Bij bloemplanten hebben de planten dan eenslachtige bloemen. Voorbeelden zijn de populier en de wilg. Door tweehuizigheid treedt altijd kruisbevruchting op. Een nadeel is dat alleen de vrouwelijke plant zaad vormt.

Bij de mossen, levermossen en hauwmossen is de "plant" de haploïde gametofyt. Bij tweehuizige mossen bevinden de geslachtsorganen (respectievelijk de mannelijke antheridia en de vrouwelijke archegonia) zich op verschillende planten.

Voorkomen

Tweehuizigheid komt bij de naaktzadigen bij alle palmvarens (Cycadales), bij de Japanse notenboom (en rest van de verder uitgestorven familie Ginkgoaceae) en bij ettelijke Gnetopsida voor. Bij de Pinales komt tweehuizigheid zelden voor.

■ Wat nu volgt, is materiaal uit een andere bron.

lemma perfect_code_square_coset_subset:
  assumes N: "H \<lhd> G" and C: "perfect_code G H C" and g: "g \<in> carrier G" "g \<otimes> g \<in> H"
    and c: "c \<in> C" "c \<in> H #> g" "c \<noteq> inv c"
  shows "H #> g \<subseteq> {c, inv c}"
proof
  fix y assume y: "y \<in> H #> g"
  have sg: "subgroup H G" using N by (rule normal_imp_subgroup)
  have indep: "\<And>x y. x \<in> C \<Longrightarrow> y \<in> C \<Longrightarrow> \<not> sum_adj G H x y"
    and cover: "\<And>x. x \<in> carrier G \<Longrightarrow> x \<notin> C \<Longrightarrow> \<exists>!c. c \<in> C \<and> sum_adj G H x c"
    using C by (auto simp: perfect_code_def)
  note adj = sum_adj_in_square_coset[OF N g]
  have c_carrier: "c \<in> carrier G" and y_carrier: "y \<in> carrier G"
    using subgroup.elemrcos_carrier[OF sg is_group g(1)] c(2) y by blast+
  have c_inv: "inv c \<in> H #> g" using inv_mem_square_coset[OF N g c(2)] .
  show "y \<in> {c, inv c}"
  proof (rule ccontr)
    assume "y \<notin> {c, inv c}"
    then have "y \<noteq> c" "y \<noteq> inv c" "c \<noteq> inv y" "inv c \<noteq> inv y"
      using c_carrier y_carrier by (auto simp: inv_inv)
    then have "sum_adj G H c y" "sum_adj G H y c" "sum_adj G H y (inv c)"
      using adj c(2) c_inv y by auto
    then have "y \<notin> C" using indep c(1) by blast
    show False
    proof (cases "inv c \<in> C")
      case True
      then show False
        using cover[OF y_carrier \<open>y \<notin> C\<close>] \<open>sum_adj G H y c\<close> \<open>sum_adj G H y (inv c)\<close> c by blast
    next
      case False
      then obtain d where d: "d \<in> C" "sum_adj G H (inv c) d"
        using cover c_carrier by blast
      then have "sum_adj G H c d" using adj[OF c_inv] adj[OF c(2)] c_carrier by auto
      then show False using indep c(1) d(1) by blast
    qed
  qed
qed

lemma perfect_code_imp_criterion:
  assumes N: "H \<lhd> G" and C: "perfect_code G H C"
  shows "(\<exists>h. H \<subseteq> {\<one>, h}) \<or> square_cosets_have_involutions G H"
proof (rule ccontr)
  assume "\<not> ?thesis"
  then have big: "\<And>h. \<not> H \<subseteq> {\<one>, h}" and "\<not> square_cosets_have_involutions G H" by auto
  then obtain g where g: "g \<in> carrier G" "g \<otimes> g \<in> H" and no_inv: "\<forall>z\<in>H #> g. z \<otimes> z \<noteq> \<one>"
    unfolding square_cosets_have_involutions_def by blast
  obtain h1 where h1: "h1 \<in> H" "h1 \<noteq> \<one>" using big[of \<one>] by blast
  obtain h2 where h2: "h2 \<in> H" "h2 \<noteq> \<one>" "h2 \<noteq> h1" using big[of h1] by blast
  have sg: "subgroup H G" using N by (rule normal_imp_subgroup)
  obtain c where c: "c \<in> C" "c \<in> H #> g" using perfect_code_meets_square_coset[OF N C g] .
  have c_carrier: "c \<in> carrier G" using subgroup.elemrcos_carrier[OF sg is_group g(1) c(2)] .
  have "c \<noteq> inv c" using no_inv c(2) r_inv[OF c_carrier] by metis
  then have K: "H #> g \<subseteq> {c, inv c}" using perfect_code_square_coset_subset[OF N C g c] by blast
  have "H #> g = H #> c" using repr_independence[OF c(2) g(1) sg] .
  then have "h1 \<otimes> c \<in> H #> g" "h2 \<otimes> c \<in> H #> g"
    using rcosI[OF _ subgroup.subset[OF sg] c_carrier] h1 h2 by simp_all
  moreover have "h1 \<otimes> c \<noteq> c" "h2 \<otimes> c \<noteq> c"
    using h1 h2 c_carrier subgroup.mem_carrier[OF sg] by (metis l_one r_cancel one_closed)+
  ultimately have "h1 \<otimes> c = inv c" "h2 \<otimes> c = inv c" using K by auto
  then show False
    using h1 h2 c_carrier subgroup.mem_carrier[OF sg] by (metis r_cancel)
qed

theorem perfect_code_iff_criterion:
  assumes "H \<lhd> G"
  shows "(\<exists>C. perfect_code G H C) \<longleftrightarrow> (\<exists>h. H \<subseteq> {\<one>, h}) \<or> square_cosets_have_involutions G H"
  using perfect_code_imp_criterion perfect_code_rep_code assms by blast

Bij de bedektzadigen hebben rond de zeven procent van alle geslachten ten minste een tweehuizige soort. Rond zes procent van alle bedektzadige soorten zijn tweehuizig. De meeste tweehuizige geslachten hebben alleen tweehuizige soorten, slechts een derde van de geslachten heeft meer dan één geslachtelijke verdeling. Hoewel tweehuizigheid wijdverbreid is bij de bedektzadigen komt dit maar bij ruim 40 procent van de families voor.

Tweehuizigheid komt bij de tweezaadlobbigen iets vaker voor dan bij de eenzaadlobbigen. Bijzonder veel tweehuizige soorten komen voor bij de Lauraceae, Menispermaceae, Myristicaceae, Euphorbiaceae, Moraceae en Urticaceae.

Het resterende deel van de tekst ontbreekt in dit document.